An additional materials science aspect: how reliable is the colour for the composition estimation?

It is well known that only two of the metallic elements are coloured: copper and gold. The occurrence of the colour comes from the reflectance properties of these two metals: They both absorb some portion of the blue light, which gives rise to their appearance with the complementary colour. The discussion of such properties drives us to the fields of atomic physics. The origin of the colour is the [X](n-1)d9ns2 electron configuration of the coloured metals (where [X] is the electron configuration of the preceding noble gas atom). The absorption capability of Cu and Au stems from the interesting interplay of the atomic size, ionization energy and the electron configuration, allowing the excitation of the electrons between the (n-1)d9ns2 ↔ (n-1)d10ns1 energy levels [46, 47]. The corresponding excitation energy is 2.7 eV for Cu and 1.9 eV for Au, while the larger atomic size shifts the same difference to 4.8 eV for Ag, making it colourless. The visual appearance of gold alloys exhibits topmost importance in the jewellery industry; hence, binary or even ternary composition–colour diagrams for Au-based alloys are available [48].
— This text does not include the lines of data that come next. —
lemma polydisc_expansion_homogeneous_sums:
  assumes L: "polydisc_expansion f a \<rho> c" and x: "x \<in> polydisc a \<rho>"
  shows "(\<lambda>n. \<Sum>\<alpha> | total_degree \<alpha> = n. c \<alpha> * multipower (x - a) \<alpha>) sums f x"
proof -
  define D where "D = (\<lambda>n. {\<alpha> :: 'a \<Rightarrow> nat. total_degree \<alpha> = n})"
  define h where "h = (\<lambda>\<alpha>. c \<alpha> * multipower (x - a) \<alpha>)"
  have "(h has_sum f x) UNIV" unfolding h_def by (rule polydisc_expansion_has_sum[OF L x])
  moreover have "(h has_sum f x) UNIV = ((\<lambda>(n, \<alpha>). h \<alpha>) has_sum f x) (Sigma UNIV D)"
    by (rule has_sum_reindex_bij_witness[where i=snd and j="\<lambda>\<alpha>. (total_degree \<alpha>, \<alpha>)"])
       (auto simp: D_def)
  moreover have "(h has_sum (\<Sum>\<alpha>\<in>D n. h \<alpha>)) (D n)" for n
    unfolding D_def by (intro has_sum_finite finite_total_degree_eq)
  ultimately have "((\<lambda>n. \<Sum>\<alpha>\<in>D n. h \<alpha>) has_sum f x) UNIV"
    using has_sum_SigmaD[where f="\<lambda>(n, \<alpha>). h \<alpha>" and A=UNIV and B=D] by simp
  thus ?thesis unfolding D_def h_def by (rule has_sum_imp_sums)
qed

lemma polydisc_expansion_eq_0:
  assumes L: "polydisc_expansion f a \<rho> c"
    and e: "0 < e" and zero: "\<And>y. y \<in> ball a e \<Longrightarrow> f y = 0" and x: "x \<in> polydisc a \<rho>"
  shows "f x = 0"
proof -
  define v where "v = x - a"
  define P where "P = (\<lambda>n. \<Sum>\<alpha> | total_degree \<alpha> = n. c \<alpha> * multipower v \<alpha>)"
  define M where "M = Max (range (\<lambda>i. \<bar>v $ i\<bar>))"
  have M: "\<bar>v $ i\<bar> \<le> M" for i unfolding M_def by (intro Max_ge) auto
  have "M \<in> range (\<lambda>i. \<bar>v $ i\<bar>)" unfolding M_def by (intro Max_in) auto
  hence M\<rho>: "M < \<rho>" "0 \<le> M" using x by (auto simp: polydisc_def v_def)
  have \<rho>: "0 < \<rho>" using L by (simp add: polydisc_expansion_def)
  \<comment> \<open>along the line through \<open>a\<close> and \<open>x\<close>, \<open>f\<close> is a power series of radius \<open>> 1\<close>\<close>
  define R where "R = 2 * \<rho> / (\<rho> + M)"
  have R: "1 < R" "R * M < \<rho>" using M\<rho> \<rho> by (simp_all add: R_def field_simps)
  have sums: "(\<lambda>n. P n * t ^ n) sums f (a + t *\<^sub>R v)" if t: "\<bar>t\<bar> < R" for t
  proof -
    have "\<bar>t * v $ i\<bar> < \<rho>" for i
    proof -
      have "\<bar>t * v $ i\<bar> \<le> R * M" unfolding abs_mult using t M[of i] M\<rho> by (intro mult_mono) auto
      thus ?thesis using R by linarith
    qed
    hence "a + t *\<^sub>R v \<in> polydisc a \<rho>" by (simp add: polydisc_def)
    from polydisc_expansion_homogeneous_sums[OF L this]
    show ?thesis by (simp add: P_def multipower_scaleR sum_distrib_left sum_distrib_right ac_simps)
  qed
  have small: "f (a + t *\<^sub>R v) = 0" if t: "\<bar>t\<bar> < e / (norm v + 1)" for t
  proof (rule zero)
    have "\<bar>t\<bar> * norm v \<le> \<bar>t\<bar> * (norm v + 1)" by (simp add: mult_left_mono)
    also have "\<dots> < e" using t by (simp add: field_simps add_pos_nonneg)
    finally show "a + t *\<^sub>R v \<in> ball a e" by (simp add: dist_norm)
  qed
  have "0 < e / (norm v + 1)" using e by (simp add: add_nonneg_pos)
  hence "P n = 0" for n
    using R(1) by (intro powser_vanishing_near_0[OF _ sums _ small]) auto
  with sums[of 1] R(1) show ?thesis by (simp add: v_def sums_iff)
qed
lemma (in ring_hom_ring) left_ideal_sum_image_subset:
  assumes "finite I" "finite I'" "x \<in> I \<rightarrow> carrier R" "y \<in> I' \<rightarrow> carrier S"
    and "\<And>i. i \<in> I \<Longrightarrow> h (x i) = \<zero>\<^bsub>S\<^esub> \<or> h (x i) \<in> y ` I'"
  shows "h ` left_ideal_sum R I x \<subseteq> left_ideal_sum S I' y"
proof
  fix z assume "z \<in> h ` left_ideal_sum R I x"
  then obtain r where r: "r \<in> I \<rightarrow> carrier R" "z = h (\<Oplus>i\<in>I. r i \<otimes> x i)"
    unfolding left_ideal_sum_def by blast
  have "h (r i \<otimes> x i) \<in> left_ideal_sum S I' y" if "i \<in> I" for i
  proof -
    have "r i \<in> carrier R" "x i \<in> carrier R" using that r(1) assms(3) by auto
    then have hom: "h (r i \<otimes> x i) = h (r i) \<otimes>\<^bsub>S\<^esub> h (x i)" "h (r i) \<in> carrier S"
      by simp_all
    from assms(5)[OF that] show ?thesis
    proof
      assume "h (x i) = \<zero>\<^bsub>S\<^esub>"
      then show ?thesis using hom assms(4) by (simp add: S.left_ideal_sum_zero_closed)
    next
      assume "h (x i) \<in> y ` I'"
      then show ?thesis using hom assms(2,4) by (auto intro: S.left_ideal_sum_mult_generator)
    qed
  qed
  moreover have "z = (\<Oplus>\<^bsub>S\<^esub>i\<in>I. h (r i \<otimes> x i))"
    using r assms(3) by (simp add: Pi_iff o_def)
  ultimately show "z \<in> left_ideal_sum S I' y"
    using assms(1,4) by (auto intro!: S.finsum_closed_in_submonoid
        S.left_ideal_sum_subset_carrier S.left_ideal_sum_zero_closed S.left_ideal_sum_add_closed)
qed

lemma (in ring_hom_ring) left_ideal_vimage:
  assumes "left_ideal L S"
  shows "left_ideal {r \<in> carrier R. h r \<in> L} R"
proof -
  have L: "additive_subgroup L S" "\<And>a x. a \<in> carrier S \<Longrightarrow> x \<in> L \<Longrightarrow> a \<otimes>\<^bsub>S\<^esub> x \<in> L"
    using assms unfolding left_ideal_def by auto
  have "subgroup {r \<in> carrier R. h r \<in> L} (add_monoid R)"
  proof
    fix a b assume "a \<in> {r \<in> carrier R. h r \<in> L}" "b \<in> {r \<in> carrier R. h r \<in> L}"
    then show "a \<otimes>\<^bsub>add_monoid R\<^esub> b \<in> {r \<in> carrier R. h r \<in> L}"
      using additive_subgroup.a_closed[OF L(1)] by simp
  next
    fix a assume "a \<in> {r \<in> carrier R. h r \<in> L}"
    then show "inv\<^bsub>add_monoid R\<^esub> a \<in> {r \<in> carrier R. h r \<in> L}"
      using additive_subgroup.a_inv_closed[OF L(1)] by (simp flip: a_inv_def)
  qed (use additive_subgroup.zero_closed[OF L(1)] in auto)
  moreover have "a \<otimes> x \<in> {r \<in> carrier R. h r \<in> L}"
    if "a \<in> carrier R" "x \<in> {r \<in> carrier R. h r \<in> L}" for a x
    using that L(2) by simp
  ultimately show ?thesis unfolding left_ideal_def additive_subgroup_def by blast
qed

lemma (in ring_hom_ring) left_noetherian_surjective_image:
  assumes noeth: "left_noetherian R" and surj: "h ` carrier R = carrier S"
  shows "left_noetherian S"
  unfolding left_noetherian_def
proof (intro conjI allI impI)
  show "ring S" by (rule S.ring_axioms)
  fix L :: "nat \<Rightarrow> 'c set"
  assume L: "(\<forall>n. left_ideal (L n) S) \<and> (\<forall>n. L n \<subseteq> L (Suc n))"
  define P where "P n = {r \<in> carrier R. h r \<in> L n}" for n
  have "left_ideal (P n) R" for n
    unfolding P_def using L by (simp add: left_ideal_vimage)
  moreover have "P n \<subseteq> P (Suc n)" for n
    unfolding P_def using L by blast
  ultimately obtain N where N: "\<forall>n\<ge>N. P n = P N"
    using noeth unfolding left_noetherian_def by (meson allI)
  have "L n \<subseteq> carrier S" for n
    using L additive_subgroup.a_subset unfolding left_ideal_def by blast
  then have LP: "L n = h ` P n" for n
  proof (intro equalityI subsetI)
    fix y assume y: "y \<in> L n"
    then have "y \<in> carrier S" using \<open>L n \<subseteq> carrier S\<close> by blast
    then have "y \<in> h ` carrier R" using surj by simp
    then obtain r where "r \<in> carrier R" "y = h r" by blast
    with y show "y \<in> h ` P n" unfolding P_def by blast
  qed (auto simp: P_def)
  show "\<exists>N. \<forall>n\<ge>N. L n = L N" using N LP by metis
qed

lemma (in ring_hom_ring) left_ore_set_image:
  assumes ore: "left_ore_set R T" and surj: "h ` carrier R = carrier S"
    and nonzero: "\<And>s. s \<in> T \<Longrightarrow> h s \<noteq> \<zero>\<^bsub>S\<^esub>"
  shows "left_ore_set S (h ` T)"
proof -
  have T: "T \<subseteq> carrier R" "\<one> \<in> T" "\<And>s t. s \<in> T \<Longrightarrow> t \<in> T \<Longrightarrow> s \<otimes> t \<in> T"
    and cond: "\<And>s r. s \<in> T \<Longrightarrow> r \<in> carrier R \<Longrightarrow> \<exists>s'\<in>T. \<exists>r'\<in>carrier R. s' \<otimes> r = r' \<otimes> s"
    using ore unfolding left_ore_set_def by auto
  show ?thesis
    unfolding left_ore_set_def
  proof (intro conjI ballI)
    show "h ` T \<subseteq> carrier S" using T(1) by auto
    show "\<one>\<^bsub>S\<^esub> \<in> h ` T" using T(2) hom_one by force
    show "\<zero>\<^bsub>S\<^esub> \<notin> h ` T" using nonzero by (metis imageE)
  next
    fix a b assume "a \<in> h ` T" "b \<in> h ` T"
    then obtain s t where st: "s \<in> T" "a = h s" "t \<in> T" "b = h t" by blast
    moreover have "s \<in> carrier R" "t \<in> carrier R" using st T(1) by blast+
    ultimately have "a \<otimes>\<^bsub>S\<^esub> b = h (s \<otimes> t)" by simp
    then show "a \<otimes>\<^bsub>S\<^esub> b \<in> h ` T" using T(3)[OF st(1,3)] by blast
  next
    fix a b assume "a \<in> h ` T" "b \<in> carrier S"
    then obtain s r where sr: "s \<in> T" "a = h s" "r \<in> carrier R" "b = h r"
      using surj by (metis imageE)
    obtain s' r' where s'r': "s' \<in> T" "r' \<in> carrier R" "s' \<otimes> r = r' \<otimes> s"
      using cond[OF sr(1,3)] by blast
    moreover have "s \<in> carrier R" "s' \<in> carrier R" using sr(1) s'r'(1) T(1) by blast+
    ultimately have "h s' \<otimes>\<^bsub>S\<^esub> b = h r' \<otimes>\<^bsub>S\<^esub> a"
      using sr by (simp flip: hom_mult)
    then show "\<exists>s'\<in>h ` T. \<exists>r'\<in>carrier S. s' \<otimes>\<^bsub>S\<^esub> b = r' \<otimes>\<^bsub>S\<^esub> a"
      using s'r'(1) hom_closed[OF s'r'(2)] by blast
  qed
qed

lemma (in ring) in_sumI:
  assumes "finite A" "A \<subseteq> S" "\<And>n. n \<in> A \<Longrightarrow> f n \<in> F n"
    and "\<And>n. \<zero> \<in> F n" "\<And>n. F n \<subseteq> carrier R"
  shows "in_sum R F S (\<Oplus>n\<in>A. f n)"
proof -
  define g where "g n = (if n \<in> A then f n else \<zero>)" for n
  have supp: "{n. g n \<noteq> \<zero>} \<subseteq> A" by (auto simp: g_def)
  have g: "g n \<in> F n" for n using assms(3,4) by (simp add: g_def)
  have "g n \<in> carrier R" for n using g assms(5) by blast
  then have "(\<Oplus>n\<in>A. f n) = (\<Oplus>n\<in>A. g n)"
    by (intro add.finprod_cong') (auto simp: g_def)
  also have "\<dots> = (\<Oplus>n\<in>{n. g n \<noteq> \<zero>}. g n)"
    using assms(1,5) supp g by (intro finsum_over_support[symmetric]) blast+
  finally show ?thesis
    unfolding in_sum_def using g supp assms(1,2) finite_subset by blast
qed

lemma (in ring) in_sum_closed:
  assumes "in_sum R F S x" "\<And>n. F n \<subseteq> carrier R"
  shows "x \<in> carrier R"
  using assms unfolding in_sum_def by (auto intro!: finsum_closed)

lemma (in ring_hom_ring) in_sum_image:
  assumes x: "in_sum R F A x" and F: "\<And>n. F n \<subseteq> carrier R"
    and F': "\<And>n. h ` F n \<subseteq> F' n" "\<And>n. \<zero>\<^bsub>S\<^esub> \<in> F' n" "\<And>n. F' n \<subseteq> carrier S"
  shows "in_sum S F' A (h x)"
proof -
  obtain f where f: "\<forall>n. f n \<in> F n" "finite {n. f n \<noteq> \<zero>}" "{n. f n \<noteq> \<zero>} \<subseteq> A"
    "x = (\<Oplus>n\<in>{n. f n \<noteq> \<zero>}. f n)"
    using x unfolding in_sum_def by blast
  have "f \<in> {n. f n \<noteq> \<zero>} \<rightarrow> carrier R" using f(1) F by blast
  then have "h x = (\<Oplus>\<^bsub>S\<^esub>n\<in>{n. f n \<noteq> \<zero>}. h (f n))"
    using f(4) by (simp add: o_def)
  also have "in_sum S F' A \<dots>"
    using f F' by (intro S.in_sumI) blast+
  finally show ?thesis .
qed

section \<open>Semi-graded rings\<close>

lemma good_ore_set_subset_carrier: "good_ore_set R G T \<Longrightarrow> T \<subseteq> carrier R"
  unfolding good_ore_set_def left_ore_set_def by blast

locale semi_graded_ring =
  fixes R :: "('a, 'b) ring_scheme" (structure) and G :: "int \<Rightarrow> 'a set"
  assumes semi_graded: "semi_graded R G"

sublocale semi_graded_ring \<subseteq> ring R
  using semi_graded by (simp add: semi_graded_def)

context semi_graded_ring
begin

lemma component_subgroup: "additive_subgroup (G n) R"
  using semi_graded by (simp add: semi_graded_def direct_sum_decomp_def)

lemma component_subset_carrier: "G n \<subseteq> carrier R"
  using component_subgroup by (rule additive_subgroup.a_subset)

lemma zero_in_component: "\<zero> \<in> G n"
  using component_subgroup by (rule additive_subgroup.zero_closed)

lemma homogeneous_decomposition:
  assumes "x \<in> carrier R"
  obtains f where "\<forall>n. f n \<in> G n" "finite {n. f n \<noteq> \<zero>}" "x = (\<Oplus>n\<in>{n. f n \<noteq> \<zero>}. f n)"
  using semi_graded assms unfolding semi_graded_def direct_sum_decomp_def by blast

lemma homogeneous_decomposition_unique:
  assumes "\<forall>n. f n \<in> G n" "finite {n. f n \<noteq> \<zero>}" "\<forall>n. g n \<in> G n" "finite {n. g n \<noteq> \<zero>}"
    and "(\<Oplus>n\<in>{n. f n \<noteq> \<zero>}. f n) = (\<Oplus>n\<in>{n. g n \<noteq> \<zero>}. g n)"
  shows "f = g"
proof -
  have "(\<Oplus>n\<in>{n. f n \<noteq> \<zero>}. f n) \<in> carrier R"
    using assms(1) component_subset_carrier by (blast intro: finsum_closed)
  then show ?thesis
    using semi_graded assms unfolding semi_graded_def direct_sum_decomp_def by blast
qed

lemma sg_ideal_component:
  assumes K: "sg_ideal R G K" and f: "\<forall>n. f n \<in> G n" "finite {n. f n \<noteq> \<zero>}"
    and sum: "(\<Oplus>n\<in>{n. f n \<noteq> \<zero>}. f n) \<in> K"
  shows "f n \<in> K"
proof -
  obtain g where g: "\<forall>n. g n \<in> K \<inter> G n" "finite {n. g n \<noteq> \<zero>}"
    "(\<Oplus>n\<in>{n. f n \<noteq> \<zero>}. f n) = (\<Oplus>n\<in>{n. g n \<noteq> \<zero>}. g n)"
    using K sum unfolding sg_ideal_def in_sum_def by blast
  then have "f = g" using f by (intro homogeneous_decomposition_unique) blast+
  then show ?thesis using g(1) by blast
qed

lemma sg_ideal_Inter:
  assumes "\<K> \<noteq> {}" "\<And>K. K \<in> \<K> \<Longrightarrow> sg_ideal R G K"
  shows "sg_ideal R G (\<Inter>\<K>)"
  unfolding sg_ideal_def
proof (intro conjI ballI)
  show "ideal (\<Inter>\<K>) R" using assms by (intro i_Intersect) (auto simp: sg_ideal_def)
  fix x assume x: "x \<in> \<Inter>\<K>"
  then have "x \<in> carrier R" using assms unfolding sg_ideal_def by (blast dest: ideal.Icarr)
  then obtain f where f: "\<forall>n. f n \<in> G n" "finite {n. f n \<noteq> \<zero>}" "x = (\<Oplus>n\<in>{n. f n \<noteq> \<zero>}. f n)"
    by (rule homogeneous_decomposition)
  have "f n \<in> \<Inter>\<K>" for n
    using x f assms(2) sg_ideal_component by blast
  then show "in_sum R (\<lambda>n. \<Inter>\<K> \<inter> G n) UNIV x" unfolding in_sum_def using f by blast
qed

lemma sg_ideal_carrier: "sg_ideal R G (carrier R)"
  unfolding sg_ideal_def
proof (intro conjI ballI)
  show "ideal (carrier R) R" by (rule oneideal)
  fix x assume "x \<in> carrier R"
  then obtain f where "\<forall>n. f n \<in> G n" "finite {n. f n \<noteq> \<zero>}" "x = (\<Oplus>n\<in>{n. f n \<noteq> \<zero>}. f n)"
    by (rule homogeneous_decomposition)
  then show "in_sum R (\<lambda>n. carrier R \<inter> G n) UNIV x"
    unfolding in_sum_def using component_subset_carrier by blast
qed

lemma in_sum_in_R_ge: "in_sum R G {int t..} x \<Longrightarrow> x \<in> R_ge R G t"
  unfolding R_ge_def by blast

lemma sg_ideal_R_ge: "sg_ideal R G (R_ge R G t)"
proof -
  have "carrier R \<in> {I. sg_ideal R G I \<and> {x. in_sum R G {int t..} x} \<subseteq> I}"
    using sg_ideal_carrier in_sum_closed component_subset_carrier by blast
  then show ?thesis unfolding R_ge_def by (intro sg_ideal_Inter) blast+
qed

lemma R_ge_subset_carrier: "R_ge R G t \<subseteq> carrier R"
  using sg_ideal_R_ge unfolding sg_ideal_def by (blast dest: ideal.Icarr)

lemma R'_subset_carrier: "R' R G \<subseteq> carrier R"
  unfolding R'_def R'_comp_def using component_subset_carrier by blast

end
For the Cu–Ni system, no detailed assessment of the colour as a function of the composition is known to the author. However, it is commonly known from the colour of commercial alloys containing Cu and Ni that below 40 at.% Cu content (1/2.5 part), the colour of the alloy cannot be distinguished from pure nickel with naked eye. In order to make our demonstration experiment fully safe, the surface area ratio of the thin and thick cathode rods makes it possible to produce an even more dilute Cu alloy on the thinner electrode (< 30 at.% Cu, ~ 1/3.5 part). This threshold is recommended for the unambiguous result that is easy to observe and elucidate for the audience.

Summary

The present work explains the use of an electrodeposition experiment in an experience- and problem-based education process. Electrodeposition seldom occurs in the tool kit of the demonstration experiments. Additionally, the arrangement presented above is rather unique in the sense that two parallel processes can take place in the experiment, which allows to elucidate a relatively complicated phenomenon. The experiments arranged around a single problem helps to teach the following aspects of physical chemistry: electrode properties, electrode classification based on the direction of the current, electrodeposition, polarization curve, cell voltage, passivity, current distribution on electrodes, serial and parallel processes in electrochemistry, role of the transport, nernstian diffusion layer, transient and steady state, and Sand equation. In excess of the related physico-chemical phenomena, the experiment yields an opportunity to mention various materials science aspects such as the application of additives in electrodeposition and the colour of the alloys. The experiment is suitable at both the high school and undergraduate levels with a little difference in the depth of explanation.